Records from a collection
━━━━━━━━━━
lemma norm_prod_one_minus_le:
  fixes x :: "nat \<Rightarrow> complex" and r :: real
  assumes r: "0 \<le> r" "r < 1" and x: "\<And>k. norm (x k) \<le> r ^ Suc k"
  shows "norm (\<Prod>k<n. 1 - x k) \<le> exp (1/(1-r))"
proof -
  have "norm (1 - x k) \<le> exp (r^k)" for k
  proof -
    have "norm (1 - x k) \<le> 1 + norm (x k)" by (metis norm_one norm_triangle_ineq4)
    also have "\<dots> \<le> 1 + r^k" using x[of k] r by (simp add: mult_left_le_one_le order_trans)
    also have "\<dots> \<le> exp (r^k)" by simp
    finally show ?thesis .
  qed
  then have "norm (\<Prod>k<n. 1 - x k) \<le> (\<Prod>k<n. exp (r^k))"
    unfolding prod_norm[symmetric] by (intro prod_mono) auto
  also have "\<dots> = exp (\<Sum>k<n. r^k)" by (simp add: exp_sum)
  also have "\<dots> \<le> exp (1/(1-r))" using geometric_sum_le[OF r] by simp
  finally show ?thesis .
qed

lemma norm_one_minus_ge:
  fixes x :: complex and r :: real
  assumes "norm x \<le> r"
  shows "1 - r \<le> norm (1 - x)"
  using assms by (metis diff_left_mono norm_one norm_triangle_ineq2 order_trans)

lemma prod_one_minus_nonzero:
  fixes x :: "nat \<Rightarrow> complex" and r :: real
  assumes r: "0 \<le> r" "r < 1" and x: "\<And>k. norm (x k) \<le> r ^ Suc k"
  shows "(\<Prod>k<n. 1 - x k) \<noteq> 0"
proof -
  have "r ^ Suc k < 1" for k using r power_decreasing[of 1 "Suc k" r] by simp
  then have "0 < norm (1 - x k)" for k
    using norm_one_minus_ge[OF x[of k]] by (meson diff_gt_0_iff_gt order_less_le_trans)
  then show ?thesis by (simp add: prod_zero_iff)
qed

lemma inverse_norm_prod_one_minus_le:
  fixes x :: "nat \<Rightarrow> complex" and r :: real
  assumes r: "0 \<le> r" "r < 1" and x: "\<And>k. norm (x k) \<le> r ^ Suc k"
  shows "1 / norm (\<Prod>k<n. 1 - x k) \<le> exp (1/(1-r)^2)"
proof -
  have "1 / norm (1 - x k) \<le> exp (r^k / (1 - r))" for k
  proof -
    have rk: "r ^ Suc k \<le> r^k" "r ^ Suc k \<le> r" "0 < 1 - r ^ Suc k"
      using r power_decreasing[of 1 "Suc k" r] by (auto simp: mult_left_le_one_le)
    have "1 / norm (1 - x k) \<le> 1 / (1 - r ^ Suc k)"
      using norm_one_minus_ge[OF x[of k]] rk(3)
      by (intro divide_left_mono) (auto intro!: mult_pos_pos simp del: power_Suc)
    also have "\<dots> = 1 + r ^ Suc k / (1 - r ^ Suc k)" using rk(3) by (simp add: field_simps)
    also have "\<dots> \<le> exp (r ^ Suc k / (1 - r ^ Suc k))" by (rule exp_ge_add_one_self)
    also have "\<dots> \<le> exp (r^k / (1 - r))"
      using rk r by (simp add: frac_le)
    finally show ?thesis .
  qed
  then have "(\<Prod>k<n. 1 / norm (1 - x k)) \<le> (\<Prod>k<n. exp (r^k / (1 - r)))"
    by (intro prod_mono) auto
  then have "1 / norm (\<Prod>k<n. 1 - x k) \<le> (\<Prod>k<n. exp (r^k / (1 - r)))"
    by (simp add: prod_norm[symmetric] prod_dividef)
  also have "\<dots> = exp ((\<Sum>k<n. r^k) / (1 - r))" by (simp add: exp_sum sum_divide_distrib)
  also have "\<dots> \<le> exp (1/(1-r)^2)"
    using divide_right_mono[OF geometric_sum_le[OF r], of "1 - r"] r
    by (simp add: power2_eq_square)
  finally show ?thesis .
qed

lemma summable_on_norm_bound:
  fixes f :: "'a \<Rightarrow> complex"
  assumes "g summable_on A" "\<And>x. x \<in> A \<Longrightarrow> norm (f x) \<le> g x"
  shows "f summable_on A"
  using Infinite_Sum.abs_summable_on_comparison_test'[OF assms]
    summable_on_iff_abs_summable_on_complex
  by blast

lemma summable_on_product:
  fixes g :: "'a \<Rightarrow> real" and h :: "'b \<Rightarrow> real"
  assumes "g summable_on UNIV" "h summable_on UNIV" "\<And>x. 0 \<le> g x" "\<And>y. 0 \<le> h y"
  shows "(\<lambda>(x,y). g x * h y) summable_on UNIV"
proof -
  have "(\<lambda>(x,y). g x * h y) summable_on Sigma UNIV (\<lambda>_. UNIV)"
  proof (rule summable_on_SigmaI[where g = "\<lambda>x. g x * infsum h UNIV"])
    show "((\<lambda>y. case (x, y) of (x, y) \<Rightarrow> g x * h y) has_sum g x * infsum h UNIV) UNIV" for x
      using has_sum_cmult_right[of h UNIV "infsum h UNIV" "g x"] assms(2)
      by (simp add: summable_iff_has_sum_infsum)
    show "(\<lambda>x. g x * infsum h UNIV) summable_on UNIV"
      using summable_on_cmult_left[OF assms(1)] .
  qed (use assms in auto)
  thus ?thesis by simp
qed

lemma power_summable_on:
  fixes r :: real assumes "0 \<le> r" "r < 1"
  shows "(\<lambda>n::nat. r^n) summable_on UNIV"
  using assms norm_summable_imp_summable_on[of "\<lambda>n. r^n"] by (simp add: summable_geometric)

lemma has_sum_nat_single:
  "((\<lambda>N::nat. if N = 0 then c else 0) has_sum c) UNIV"
  using has_sum_cong_neutral[of UNIV "{0::nat}" "\<lambda>N. if N = 0 then c else 0"]
    has_sum_finite[of "{0::nat}" "\<lambda>N. if N = 0 then c else 0"]
  by auto


fun tri :: "nat \<Rightarrow> nat" where
  "tri 0 = 0" | "tri (Suc n) = tri n + Suc n"

fun choose2 :: "nat \<Rightarrow> nat" where
  "choose2 0 = 0" | "choose2 (Suc n) = choose2 n + n"

lemma tri_eq: "tri n = n * (n + 1) div 2"
  by (induction n) auto

lemma of_nat_tri: "real (n * (n + 1)) / 2 = real (tri n)"
proof -
  have "even (n * (n + 1))" by simp
  thus ?thesis unfolding tri_eq by (simp add: real_of_nat_div)
qed

lemma tri_add: "tri (k + l) = tri k + k * l + tri l"
  by (induction l) auto

lemma choose2_add_self: "choose2 l + l = tri l"
  by (induction l) auto

lemma le_tri: "n \<le> tri n"
  by (induction n) auto

lemma tri_add_choose2: "tri (n + m) + choose2 l + Suc (n + m) * l = tri (n + (m + l))"
  using tri_add[of "n + m" l] choose2_add_self[of l] by (simp add: algebra_simps)


lemma qpoch_0 [simp]: "qpoch a p 0 = 1"
  by (simp add: qpoch_def)

lemma qpoch_Suc: "qpoch a p (Suc n) = qpoch a p n * (1 - a * p^n)"
  by (simp add: qpoch_def)

lemma qpoch_square: "qpoch (q^2) (q^2) n = qpoch q q n * qpoch (-q) q n"
  by (induction n) (simp_all add: qpoch_Suc power2_eq_square power_mult_distrib algebra_simps)

lemma qpoch_one_Suc: "qpoch 1 q (Suc n) = 0"
  by (induction n) (simp_all add: qpoch_Suc)

fun qpoch_coeff :: "complex \<Rightarrow> nat \<Rightarrow> nat \<Rightarrow> complex" where
  "qpoch_coeff q 0 s = (if s = 0 then 1 else 0)"
| "qpoch_coeff q (Suc j) s =
     qpoch_coeff q j s - q^j * (case s of 0 \<Rightarrow> 0 | Suc s' \<Rightarrow> qpoch_coeff q j s')"

lemma qpoch_coeff_eq_0: "j < s \<Longrightarrow> qpoch_coeff q j s = 0"
  by (induction j arbitrary: s) (auto split: nat.split)

lemma qpoch_coeff_0: "qpoch_coeff q j 0 = 1"
  by (induction j) auto

lemma sum_atMost_Suc_case_shift:
  fixes g :: "nat \<Rightarrow> 'a :: comm_semiring_1"
  shows "(\<Sum>s\<le>Suc j. (case s of 0 \<Rightarrow> 0 | Suc s' \<Rightarrow> g s') * x^s) = x * (\<Sum>s\<le>j. g s * x^s)"
  by (subst sum.atMost_Suc_shift) (simp add: sum_distrib_left algebra_simps)

lemma qpoch_coeff_generating: "(\<Sum>s\<le>j. qpoch_coeff q j s * x^s) = qpoch x q j"
proof (induction j)
  case 0
  show ?case by simp
next
  case (Suc j)
  have "(\<Sum>s\<le>Suc j. qpoch_coeff q (Suc j) s * x^s) = (\<Sum>s\<le>Suc j. qpoch_coeff q j s * x^s)
      - q^j * (\<Sum>s\<le>Suc j. (case s of 0 \<Rightarrow> 0 | Suc s' \<Rightarrow> qpoch_coeff q j s') * x^s)"
    by (simp only: qpoch_coeff.simps left_diff_distrib sum_subtractf sum_distrib_left mult.assoc)
  also have "(\<Sum>s\<le>Suc j. qpoch_coeff q j s * x^s) = (\<Sum>s\<le>j. qpoch_coeff q j s * x^s)"
    by (simp add: qpoch_coeff_eq_0)
  finally show ?case
    unfolding sum_atMost_Suc_case_shift Suc.IH by (simp add: qpoch_Suc algebra_simps)
qed

lemma sum_qpoch_coeff_eq_0: "j \<ge> 1 \<Longrightarrow> (\<Sum>s\<le>j. qpoch_coeff q j s) = 0"
  using qpoch_coeff_generating[of q j 1] qpoch_one_Suc[of q "j - 1"] by simp

lemma qpoch_coeff_diag: "qpoch_coeff q j j = (-1)^j * q^(choose2 j)"
  by (induction j) (simp_all add: qpoch_coeff_eq_0 power_add)

lemma qpoch_coeff_closed_form:
  assumes "s \<le> j"
  shows "qpoch_coeff q j s * qpoch q q s * qpoch q q (j - s) = (-1)^s * q^(choose2 s) * qpoch q q j"
  using assms
proof (induction j arbitrary: s)
  case 0
  then show ?case by simp
next
  case (Suc j s)
  consider "s = 0" | "s = Suc j" | u e where "s = Suc u" "j = u + Suc e"
  proof (cases s)
    case (Suc u)
    with Suc.prems have "u = j \<or> u < j" by auto
    then show ?thesis using Suc that less_iff_Suc_add[of u j] by auto
  qed
  then show ?case
  proof cases
    case 1
    then show ?thesis by (simp add: qpoch_coeff_0)
  next
    case 2
    then show ?thesis by (simp add: qpoch_coeff_diag)
  next
    case 3
    have IH1: "qpoch_coeff q j (Suc u) * qpoch q q (Suc u) * qpoch q q e
                 = (-1)^(Suc u) * q^(choose2 (Suc u)) * qpoch q q j"
      using Suc.IH[of "Suc u"] 3 by simp
    have IH2: "qpoch_coeff q j u * qpoch q q u * qpoch q q (Suc e)
                 = (-1)^u * q^(choose2 u) * qpoch q q j"
      using Suc.IH[of u] 3 by simp
    have "qpoch_coeff q (Suc j) s * qpoch q q s * qpoch q q (Suc j - s)
        = qpoch_coeff q j (Suc u) * qpoch q q (Suc u) * qpoch q q e * (1 - q * q^e)
          - q^j * (qpoch_coeff q j u * qpoch q q u * qpoch q q (Suc e)) * (1 - q * q^u)"
      using 3 by (simp add: qpoch_Suc algebra_simps)
    also have "\<dots> = (-1)^(Suc u) * q^(choose2 u) * qpoch q q j
                        * (q^u * (1 - q * q^e) + q^j * (1 - q * q^u))"
      unfolding IH1 IH2 by (simp only: choose2.simps power_add power_Suc) algebra
    also have "q^u * (1 - q * q^e) + q^j * (1 - q * q^u) = q^u * (1 - q * q^j)"
      unfolding 3 by (simp only: power_add power_Suc) algebra
    finally show ?thesis
      using 3 by (simp only: qpoch_Suc choose2.simps power_add power_Suc) (simp add: algebra_simps)
  qed
qed


locale qseries =
  fixes q :: complex
  assumes norm_q_less_1: "norm q < 1" and q_nonzero: "q \<noteq> 0"
begin

definition qbound :: real where "qbound = exp (1/(1 - norm q)^2)"

lemma exp_le_qbound: "exp (1/(1 - norm q)) \<le> qbound"
proof -
  have a: "0 < 1 - norm q" "1 - norm q \<le> 1" using norm_q_less_1 by auto
  have "1/(1 - norm q) \<le> 1/(1 - norm q)^2"
    using a by (simp add: divide_simps power2_eq_square)
  thus ?thesis unfolding qbound_def by simp
qed

lemma qbound_pos: "0 < qbound" unfolding qbound_def by simp

lemma prod_one_minus_bounds:
  fixes x :: "nat \<Rightarrow> complex"
  assumes "\<And>k. norm (x k) \<le> norm q ^ Suc k"
  shows "norm (\<Prod>k<n. 1 - x k) \<le> qbound" "(\<Prod>k<n. 1 - x k) \<noteq> 0"
    "1 / norm (\<Prod>k<n. 1 - x k) \<le> qbound"
  using order_trans[OF norm_prod_one_minus_le[of "norm q" x n] exp_le_qbound]
    prod_one_minus_nonzero[of "norm q" x n]
    inverse_norm_prod_one_minus_le[of "norm q" x n, folded qbound_def] assms norm_q_less_1
  by auto

lemma qpoch_q_bounds:
  "norm (qpoch q q n) \<le> qbound" "qpoch q q n \<noteq> 0" "1 / norm (qpoch q q n) \<le> qbound"
  using prod_one_minus_bounds[of "\<lambda>k. q * q^k" n] unfolding qpoch_def
  by (auto simp: norm_mult norm_power)

lemma qpoch_neg_q_bounds:
  "norm (qpoch (-q) q n) \<le> qbound" "qpoch (-q) q n \<noteq> 0" "1 / norm (qpoch (-q) q n) \<le> qbound"
  using prod_one_minus_bounds[of "\<lambda>k. -q * q^k" n] unfolding qpoch_def
  by (auto simp: norm_mult norm_power)

lemma inverse_norm_qpoch_square_le: "1 / norm (qpoch (q^2) (q^2) n) \<le> qbound * qbound"
proof -
  have "1 / norm (qpoch (q^2) (q^2) n) = (1 / norm (qpoch q q n)) * (1 / norm (qpoch (-q) q n))"
    by (simp add: qpoch_square norm_mult)
  also have "\<dots> \<le> qbound * qbound"
    using qpoch_q_bounds(3) qpoch_neg_q_bounds(3) qbound_pos by (intro mult_mono) auto
  finally show ?thesis .
qed

lemma power_mult_div_qpoch:
  "q^(i*j) / qpoch q q i = (\<Sum>s\<le>i. qpoch_coeff q j s / qpoch q q (i - s))"
proof (induction j arbitrary: i)
  case 0
  have "(\<Sum>s\<le>i. qpoch_coeff q 0 s / qpoch q q (i - s))
          = (\<Sum>s\<in>{0}. qpoch_coeff q 0 s / qpoch q q (i - s))"
    by (intro sum.mono_neutral_right) auto
  then show ?case by simp
next
  case (Suc j i)
  have split: "(\<Sum>s\<le>i. qpoch_coeff q (Suc j) s / qpoch q q (i - s)) = q^(i*j) / qpoch q q i
      - q^j * (\<Sum>s\<le>i. (case s of 0 \<Rightarrow> 0 | Suc s' \<Rightarrow> qpoch_coeff q j s') / qpoch q q (i - s))"
    unfolding Suc.IH
    by (simp only: qpoch_coeff.simps diff_divide_distrib sum_subtractf sum_distrib_left
        times_divide_eq_right)
  show ?case
  proof (cases i)
    case 0
    then show ?thesis using split by simp
  next
    case (Suc i')
    have shift: "(\<Sum>s\<le>i. (case s of 0 \<Rightarrow> 0 | Suc s' \<Rightarrow> qpoch_coeff q j s') / qpoch q q (i - s))
                   = q^(i'*j) / qpoch q q i'"
      unfolding Suc Suc.IH by (subst sum.atMost_Suc_shift) simp
    have "qpoch q q i' \<noteq> 0" "1 - q * q^i' \<noteq> 0"
      using qpoch_q_bounds(2)[of i] qpoch_q_bounds(2)[of i'] unfolding Suc by (auto simp: qpoch_Suc)
    then show ?thesis
      unfolding split shift unfolding Suc by (simp add: qpoch_Suc field_simps power_add)
  qed
qed


definition euler_term :: "complex \<Rightarrow> nat \<Rightarrow> complex" where
  "euler_term z l = q^(choose2 l) * z^l / qpoch q q l"

definition euler :: "complex \<Rightarrow> complex" where "euler z = suminf (euler_term z)"

lemma norm_euler_term_le: "norm (euler_term z l) \<le> qbound * norm z ^ l"
proof -
  have "norm (euler_term z l) = norm q ^ choose2 l * norm z ^ l * (1 / norm (qpoch q q l))"
    by (simp add: euler_term_def norm_mult norm_divide norm_power)
  also have "\<dots> \<le> 1 * norm z ^ l * qbound"
    using norm_q_less_1 qpoch_q_bounds(3)[of l]
    by (intro mult_mono) (auto simp: power_le_one)
  finally show ?thesis by (simp add: mult.commute)
qed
━━━━━━━━━━
> **WHAT IS EXPECTED**
Read through the entries above, and wherever a line holds the string "intro", copy it.

> **RESPONSE TO THE EXERCISE**
    unfolding prod_norm[symmetric] by (intro prod_mono) auto
      by (intro divide_left_mono) (auto intro!: mult_pos_pos simp del: power_Suc)
    by (intro prod_mono) auto
    using qpoch_q_bounds(3) qpoch_neg_q_bounds(3) qbound_pos by (intro mult_mono) auto
    by (intro sum.mono_neutral_right) auto
    by (intro mult_mono) (auto simp: power_le_one)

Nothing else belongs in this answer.